Il problema che trattiamo non riguarda l’acqua potabile, ma il suo sfruttamento per produrre energia elettrica. Nel territorio italiano, l’acqua che valeva la pena utilizzare per produrre energia idroelettrica è già stata ampiamente sfruttata con dighe e invasi per alimentare impianti importanti. Tutto l’idroelettrico di grossa portata è già stato realizzato e l’Italia è un paese che produce molta energia di questo tipo. Rimangono le briciole, ovvero tutti i piccoli corsi d’acqua, sui quali grava la minaccia del mini idroelettrico, impianti con una produzione inferiore a 1 MW (megawatt): “tra il 2009 e il 2013 il numero di impianti di potenza inferiore a 1 MW è aumentato di 673 unità (da 1270 a 1943) con un incremento in termini di numerosità pari a circa il 53% ma con un aumento di potenza installata (rispetto al totale dell’idroelettrico nel 2009) di solo lo 0,8%! Sono in molti ormai a chiedersi se questo impiego di risorse pubbliche sia ragionevole e porti ad effettivi benefici ambientali, oppure se stia solo alimentando un grande processo speculativo, che crea molti impatti e pochi benefici in termini strategici.” Citato dal bollettino di settembre 2014 del CIRF, Centro Italiano per la Riqualificazione Fluviale, un documento molto preciso per gli aspetti tecnici e legislativi legati a questo tipo di impianti.

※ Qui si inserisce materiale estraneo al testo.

(* Let $X$ be a finite set with $|X|\ge 3$, let $T\in B(X)$, and let $\mathcal T\subseteq\binom{X}{2}$ be a triplet cover for $T$. Then $|\mathcal T|\ge 2|X|-3$. Moreover this bound is tight: for every $T\in B(X)$ there exists a triplet cover for $T$ of cardinality exactly $2|X|-3$.
   Context: A binary phylogenetic $X$-tree is an unrooted tree $T=(V,E)$ whose leaf set is $X$ and in which every non-leaf vertex is unlabelled and has degree three; $B(X)$ is the set of such trees. Let $\mathring V$ denote the set of interior vertices of $T$. Elements of $\binom{X}{2}$ are written $ab$, triples in $\binom{X}{3}$ are written $abc$. Given $\mathcal T\subseteq\binom{X}{2}$, a triple $abc$ supports $v\in\mathring V$ (relative to $\mathcal T$) if $a,b,c$ lie one in each of the three connected components of $T$ with $v$ and its incident edges removed, and $ab,ac,bc\in\mathcal T$. $\mathcal T$ is a triplet cover for $T$ if every $v\in\mathring V$ is supported by some triple. *)

theory Defs
  imports Main
begin

definition graph :: "'a set \<Rightarrow> 'a set set \<Rightarrow> bool" where
  "graph V E \<longleftrightarrow> finite V \<and> (\<forall>e\<in>E. e \<subseteq> V \<and> card e = 2)"

definition degree :: "'a set set \<Rightarrow> 'a \<Rightarrow> nat" where
  "degree E v = card {e\<in>E. v \<in> e}"

definition connected_in :: "'a set \<Rightarrow> 'a set set \<Rightarrow> 'a \<Rightarrow> 'a \<Rightarrow> bool" where
  "connected_in W E u w \<longleftrightarrow>
     u \<in> W \<and> w \<in> W \<and> (u, w) \<in> {(x, y). x \<in> W \<and> y \<in> W \<and> {x, y} \<in> E}\<^sup>*"

definition is_cycle :: "'a set set \<Rightarrow> 'a list \<Rightarrow> bool" where
  "is_cycle E cs \<longleftrightarrow> length cs \<ge> 3 \<and> distinct cs \<and>
     (\<forall>i < length cs. {cs ! i, cs ! ((i + 1) mod length cs)} \<in> E)"

definition is_tree :: "'a set \<Rightarrow> 'a set set \<Rightarrow> bool" where
  "is_tree V E \<longleftrightarrow> graph V E \<and> V \<noteq> {} \<and>
     (\<forall>u\<in>V. \<forall>w\<in>V. connected_in V E u w) \<and> (\<nexists>cs. is_cycle E cs)"

definition binary_phylo_tree :: "'a set \<Rightarrow> 'a set \<Rightarrow> 'a set set \<Rightarrow> bool" where
  "binary_phylo_tree X V E \<longleftrightarrow> is_tree V E \<and> X \<subseteq> V \<and>
     {v\<in>V. degree E v = 1} = X \<and> (\<forall>v\<in>V - X. degree E v = 3)"

definition interior :: "'a set \<Rightarrow> 'a set \<Rightarrow> 'a set" where
  "interior X V = V - X"

text \<open>a, b, c lie one in each of the (three) components of T minus v, i.e. they lie in
  pairwise distinct components of the graph with v and its incident edges removed, and
  the three pairs belong to the set of pairs \<T>.\<close>
definition supports :: "'a set \<Rightarrow> 'a set set \<Rightarrow> 'a set set \<Rightarrow> 'a \<Rightarrow> 'a \<Rightarrow> 'a \<Rightarrow> 'a \<Rightarrow> bool" where
  "supports V E \<T> a b c v \<longleftrightarrow>
     a \<in> V - {v} \<and> b \<in> V - {v} \<and> c \<in> V - {v} \<and>
     \<not> connected_in (V - {v}) E a b \<and> \<not> connected_in (V - {v}) E a c \<and>
     \<not> connected_in (V - {v}) E b c \<and>
     {a, b} \<in> \<T> \<and> {a, c} \<in> \<T> \<and> {b, c} \<in> \<T>"

definition triplet_cover :: "'a set \<Rightarrow> 'a set \<Rightarrow> 'a set set \<Rightarrow> 'a set set \<Rightarrow> bool" where
  "triplet_cover X V E \<T> \<longleftrightarrow>
     \<T> \<subseteq> {p. p \<subseteq> X \<and> card p = 2} \<and>
     (\<forall>v\<in>interior X V. \<exists>a\<in>X. \<exists>b\<in>X. \<exists>c\<in>X. supports V E \<T> a b c v)"

end

theory Submission
  imports Defs "HOL-Library.Transitive_Closure_Table"
begin

text \<open>Every binary phylogenetic tree with at least four leaves has a cherry: leaves \<open>a\<close>, \<open>b\<close>
  adjacent to a vertex \<open>v\<close> whose third neighbour \<open>u\<close> is interior. A triple supporting \<open>v\<close>
  contains \<open>a\<close>, \<open>b\<close> and a third leaf \<open>c\<close>, so every triplet cover contains \<open>ab\<close>, \<open>ac\<close>
  and \<open>bc\<close>. Merging \<open>a\<close> into \<open>b\<close> maps the cover onto a cover of the tree obtained by pruning
  \<open>a\<close> and suppressing \<open>v\<close>, with at least two pairs fewer. Conversely, the triple supporting
  \<open>u\<close> in a cover of the pruned tree contains \<open>b\<close> and some \<open>c\<close>, and adding \<open>ab\<close> and
  \<open>ac\<close> yields a cover of the original tree. Induction on \<open>|X|\<close>, starting from the three-leaf
  star, where the three pairs are necessary and sufficient, gives both the bound
  \<open>2|X| - 3\<close> and its tightness.\<close>

section \<open>Walks within a vertex set\<close>

definition adj_within :: "'a set \<Rightarrow> 'a set set \<Rightarrow> ('a \<times> 'a) set" where
  "adj_within W E = {(x, y). x \<in> W \<and> y \<in> W \<and> {x, y} \<in> E}"

definition neighbours :: "'a set set \<Rightarrow> 'a \<Rightarrow> 'a set" where
  "neighbours E v = {y. {v, y} \<in> E}"

lemma connected_in_iff:
  "connected_in W E u w \<longleftrightarrow> u \<in> W \<and> w \<in> W \<and> (u, w) \<in> (adj_within W E)\<^sup>*"
  unfolding connected_in_def adj_within_def by simp

lemma connected_in_refl: "x \<in> W \<Longrightarrow> connected_in W E x x"
  by (simp add: connected_in_iff)

lemma adj_within_sym: "(x, y) \<in> adj_within W E \<Longrightarrow> (y, x) \<in> adj_within W E"
  by (auto simp: adj_within_def insert_commute)

lemma connected_in_sym: "connected_in W E x y \<Longrightarrow> connected_in W E y x"
proof -
  have "sym (adj_within W E)" by (auto simp: sym_def intro: adj_within_sym)
  then have "sym ((adj_within W E)\<^sup>*)" by (rule sym_rtrancl)
  then show "connected_in W E x y \<Longrightarrow> connected_in W E y x"
    by (auto simp: connected_in_iff sym_def)
qed

lemma connected_in_trans:
  "connected_in W E x y \<Longrightarrow> connected_in W E y z \<Longrightarrow> connected_in W E x z"
  by (auto simp: connected_in_iff)

lemma connected_in_edge: "x \<in> W \<Longrightarrow> y \<in> W \<Longrightarrow> {x, y} \<in> E \<Longrightarrow> connected_in W E x y"
  by (auto simp: connected_in_iff adj_within_def)

lemma connected_in_mono: "connected_in W E x y \<Longrightarrow> W \<subseteq> W' \<Longrightarrow> connected_in W' E x y"
proof -
  assume "connected_in W E x y" "W \<subseteq> W'"
  moreover have "adj_within W E \<subseteq> adj_within W' E"
    using \<open>W \<subseteq> W'\<close> by (auto simp: adj_within_def)
  ultimately show ?thesis by (auto simp: connected_in_iff dest: rtrancl_mono[THEN subsetD])
qed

Anche in val Pellice, pur esistendo già una quindicina di centraline idroelettriche, c’è un forte aumento di richieste per costruirne di nuove. Piccoli impianti, con una modesta produzione di energia elettrica, che però rischiano di avere un grosso impatto sulla valle e sulla nostra vita.
Si tratta di derivazioni con lunghe tubazioni che alimentano piccole centrali, sottraendo l’acqua ai torrenti che, nei mesi estivi e nei periodi di siccità, restano spesso privi di una portata sufficiente. In teoria dovrebbe essere lasciato nel torrente un “deflusso minimo vitale” di acqua, ma questo non sempre avviene, con conseguente moria di pesci, danni alla fauna e alla vegetazione e un ambiente desolato dove prima si ammiravano cascate e pozze d’acqua profonde.
Nell’immaginario collettivo l’energia idroelettrica viene considerata “pulita” e “verde”, o in qualche modo, una cosa buona, grazie al fatto che si sfrutta una fonte rinnovabile, l’acqua.
Anche la parola “mini” associata a idroelettrico, fa pensare a qualcosa di piccolo e grazioso, e subito si stabilisce l’equazione mini impianto – mini impatto ambientale.
Le cose purtroppo non stanno così.
Esaminando su una cartina la situazione dei fiumi della val Pellice, ci rendiamo conto che esistono già una quindicina di centraline, e le richieste di nuove derivazione sono anch’esse una quindicina. Se dovessero venire approvate e messe in produzione, la situazione apparirebbe disastrosa: quasi tutto il Pellice e buona parte dei suoi affluenti risulterebbero intubati. Ci sarebbe la scomparsa irrimediabile di tratti di fiume inalterati. La realtà è che la somma di tanti impianti, senza soluzione di continuità, è un grosso danno, e che mini impianto non vuole affatto dire mini impatto ambientale.
Citiamo, sempre dal documento del CIRF: “in generale non ha alcun fondamento l’assunzione secondo cui a piccolo impianto corrisponda un piccolo impatto, in quanto quest’ultimo è dipendente da molte variabili quali le caratteristiche intrinseche del corpo idrico, il contesto ambientale complessivo, gli effetti combinati di altri fattori di pressione, le misure di mitigazione adottate ecc.; quindi un piccolo impianto localizzato in un corso d’acqua di piccole dimensioni, molto sensibile e poco resiliente può essere più impattante sul corso d’acqua stesso rispetto a un grande impianto ben gestito in un corso d’acqua più resiliente.”
La politica delle istituzioni è assolutamente miope, in quanto non esiste un progetto globale relativo all’uso dell’acqua, per cui può accadere che un comune autorizzi delle centraline senza tenere conto di ciò che accade a valle o a monte, e in generale, non c’è interesse a mantenere dei corsi d’acqua inalterati.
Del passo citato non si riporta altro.